Prosiguió: "La situación era tremenda. Sin luz era difícil moverse… los gritos de heridos y quemados, los muertos y la escora que iba siendo cada vez más pronunciada. A los 4 minutos ordené largar las balsas al mar, pero sin abandonar el barco. Era una decisión muy difícil. Quería lograr que los sobrevivientes se mantuvieran reunidos antes de dar la voz de abandono, que es la más tremenda que puede dar un comandante. El riesgo, con el mar encrespado, era que el casco diese una vuelta de campana y nos tragara a todos”.

El momento en que quiso hundirse con el barco

Eran las 16.38 y al crucero General Belgrano le quedaba poco para quedar por completo en el fondo del océano. Bonzo relató que "mi función en ese momento era dar la trágica voz de abandono, que fui demorando porque no sabía cuántos habían llegado a las balsas. La voz de abandono significa que el buque ya queda solo… 23 minutos más tarde la tuve que dar. ¿Si dudé en hundirme con el barco? En ese momento, frente al mar, para mí era más fácil decidir morir que vivir. Porque si moría, otros se ocuparían de lo que iba a venir, si vivía tendría que enfrentar que muchos de mis hombres murieron…"

En esa duda estaba cuando escuchó una voz. "Creí que la imaginaba, que era productor de mi estrés. Pero era el oficial Ramón Barrionuevo. Me dijo que si no saltaba él tampoco lo haría. Le ordené que abandonara el barco. Y se negó. Entonces le pedí: 'Ayúdeme a ver si hay alguien más, si quedó algún herido'. La cubierta del barco casi rozaba el mar, entraban toneladas de agua… Fui el último hombre que abandonó el Belgrano", contó.
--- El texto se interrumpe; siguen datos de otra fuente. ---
lemma Vtogo_in_Gs:
  assumes g: "g \<in> Gs r Xs"
    and argmin: "\<And>k z. k < K \<Longrightarrow>
      argmin_set (\<lambda>u. Vtogo A B g k (A z + B u)) \<inter> Esum r B Xs \<noteq> {}"
  shows "Vtogo A B g K \<in> Gs r Xs"
  using argmin
proof (induction K)
  case 0
  have "Vtogo A B g 0 = g"
    by (rule ext) simp
  with g show ?case
    by simp
next
  case (Suc K)
  show ?case
    unfolding Vtogo_Suc_fun
    by (intro Gs_add[OF g] INF_transition_in_Gs Suc.IH Suc.prems) auto
qed

end

lemma additive_if_linear: "Vector_Spaces.linear s1 s2 f \<Longrightarrow> additive f"
  unfolding Vector_Spaces.linear_iff by (simp add: additive.intro)

lemma decomposed_system_if_is_decomposition:
  assumes decomp: "is_decomposition sX A r Xs"
    and linA: "Vector_Spaces.linear sX sX A" and linB: "Vector_Spaces.linear sU sX B"
  shows "decomposed_system r Xs A B"
proof -
  have "module sX"
    using linA unfolding Vector_Spaces.linear_iff module_iff_vector_space by blast
  obtain subspaces: "\<forall>i\<in>{1..r}. module.subspace sX (Xs i)"
    and invariant: "\<forall>i\<in>{1..r}. A ` Xs i \<subseteq> Xs i"
    and unique: "\<forall>x. \<exists>!v. (\<forall>i\<in>{1..r}. v i \<in> Xs i) \<and> (\<forall>i. i \<notin> {1..r} \<longrightarrow> v i = 0)
      \<and> x = (\<Sum>i=1..r. v i)"
    using decomp unfolding is_decomposition_def by (elim conjE) (rule that)
  show ?thesis
  proof (intro decomposed_system.intro direct_sum.intro decomposed_system_axioms.intro)
    show "0 \<in> Xs i" if "i \<in> {1..r}" for i
      using module.subspace_0[OF \<open>module sX\<close>] subspaces that by blast
    show "a + b \<in> Xs i" if "i \<in> {1..r}" "a \<in> Xs i" "b \<in> Xs i" for i a b
      using module.subspace_add[OF \<open>module sX\<close>] subspaces that by blast
    show "A x \<in> Xs i" if "i \<in> {1..r}" "x \<in> Xs i" for i x
      using invariant that by blast
    show "additive A"
      using linA by (rule additive_if_linear)
    show "additive B"
      using linB by (rule additive_if_linear)
  qed (fact unique)
qed

theorem corollary1:
  fixes sX :: "'f::field \<Rightarrow> 'x::ab_group_add \<Rightarrow> 'x"
    and sU :: "'f \<Rightarrow> 'u::ab_group_add \<Rightarrow> 'u"
    and A :: "'x \<Rightarrow> 'x" and B :: "'u \<Rightarrow> 'x" and g :: "'x \<Rightarrow> real"
    and r T :: nat and Xs :: "nat \<Rightarrow> 'x set"
  assumes vsX: "\<exists>b. finite_dimensional_vector_space sX b"
    and vsU: "\<exists>b. finite_dimensional_vector_space sU b"
    and linA: "Vector_Spaces.linear sX sX A"
    and linB: "Vector_Spaces.linear sU sX B"
    and injB: "inj B"
    and g_nonneg: "\<forall>x. g x \<ge> 0"
    and g_zero: "\<forall>x. g x = 0 \<longleftrightarrow> x = 0"
    and attained: "\<forall>t<T. \<forall>x. \<exists>u. \<forall>u'. Jstar A B g T (Suc t) (A x + B u) \<le> Jstar A B g T (Suc t) (A x + B u')"
    and decomp: "is_decomposition sX A r Xs"
    and gGs: "g \<in> Gs r Xs"
    and Tpos: "T > 0"
    and argmin_hyp: "\<forall>x. \<forall>t<T. argmin_set (\<lambda>u. Jstar A B g T (Suc t) (A x + B u)) \<inter> Esum r B Xs \<noteq> {}"
  shows "Jstar A B g T 0 \<in> Gs r Xs"
proof -
  interpret decomposed_system r Xs A B
    using decomposed_system_if_is_decomposition[OF decomp linA linB] .
  have "argmin_set (\<lambda>u. Vtogo A B g k (A z + B u)) \<inter> Esum r B Xs \<noteq> {}" if "k < T" for k z
  proof -
    have "T - Suc k < T"
      using that by simp
    then have "argmin_set (\<lambda>u. Jstar A B g T (Suc (T - Suc k)) (A z + B u)) \<inter> Esum r B Xs \<noteq> {}"
      using argmin_hyp by blast
    moreover have "Jstar A B g T (Suc (T - Suc k)) = Vtogo A B g k"
      using that unfolding Jstar_def by (simp add: Suc_diff_Suc)
    ultimately show ?thesis
      by simp
  qed
  then have "Vtogo A B g T \<in> Gs r Xs"
    by (rule Vtogo_in_Gs[OF gGs])
  then show ?thesis
    unfolding Jstar_def diff_zero .
qed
Añadió que "Barrionuevo aceptó tirarse. Hizo la señal de la cruz, se paró en la quilla del buque y desde ahí se lanzó al mar. Segundos después, yo también hice la señal de la cruz y me deje deslizar por la misma soga hasta el agua. Tres balsas estaban esperando a esas dos figuras humanas que no sabían quiénes eran, pero eran dos tripulantes, con el peligro de que el buque se diera vuelta y las chupara. Nadé 50 metros y me subí a esas balsas. Estaba exhausto. Me quedé tirado en el piso. A las cinco de la tarde escucho una voz que me dice: 'Señor, el buque se está hundiendo'. Saqué mi cabeza y me asomé. Vi al crucero desaparecer en el océano".

"Las balsas eran para 20 personas. Estaban equipadas con sachets de agua, raciones de comida, cigarrillos, una pequeña Biblia, elementos de botiquín para curaciones. El comportamiento de los hombres, el "espíritu de buque", hizo que muchos se salvaran y es lo que llevo grabado en mi memoria", manifestó. Estuvieron 48 horas a la deriva.

"Mi balsa fue la última que se rescató. Cuando subí al Gurruchaga no sentía las piernas, eran como de algodón. Antes de ir al médico para que me revisara o me diera una inyección para hacerme dormir -en la balsa nos manteníamos en vigilia- quise ver a mis tripulantes. Entonces bajé. Estaban en el suelo, en las mesas, en los bancos, desparramados por todas partes. Cuando me vieron, muchos se incorporaron, empezaron a gritar 'Viva el Belgrano'", recordó.

Por último, Bonzo, que falleció el 22 de abril del 2009, cerró: "Empecé a saludar a mis hombres, a preguntar… En ese momento se acercó una persona y me dijo: 'Está viniendo para aquí el suboficial Barrionuevo'. No podía creerlo, porque cuando él saltó al mar lo había perdido de vista. No supe durante todos esos días a la deriva si Ramón había sobrevivido. Y ahora iba a verlo. ¡Estaba vivo! Nos dimos un abrazo eterno. Y todos los hombres comenzaron a aplaudir".

El oficial Barrionuevo recordó muy bien aquel emotivo instante: "De pronto se abrió una puerta y apareció el capitán. Se acercó hasta donde yo estaba de pie, firme, esperándolo. Se olvidó de las jerarquías, de la venia, del saludo formal. Nos dimos un abrazo. 'Ya vamos a hablar de esto que pasó', me dijo. Y lloramos. Antes de irse, me dijo al oído: 'Gracias. Gracias'".

La única foto que Bonzo y Barrionuevo tienen juntos.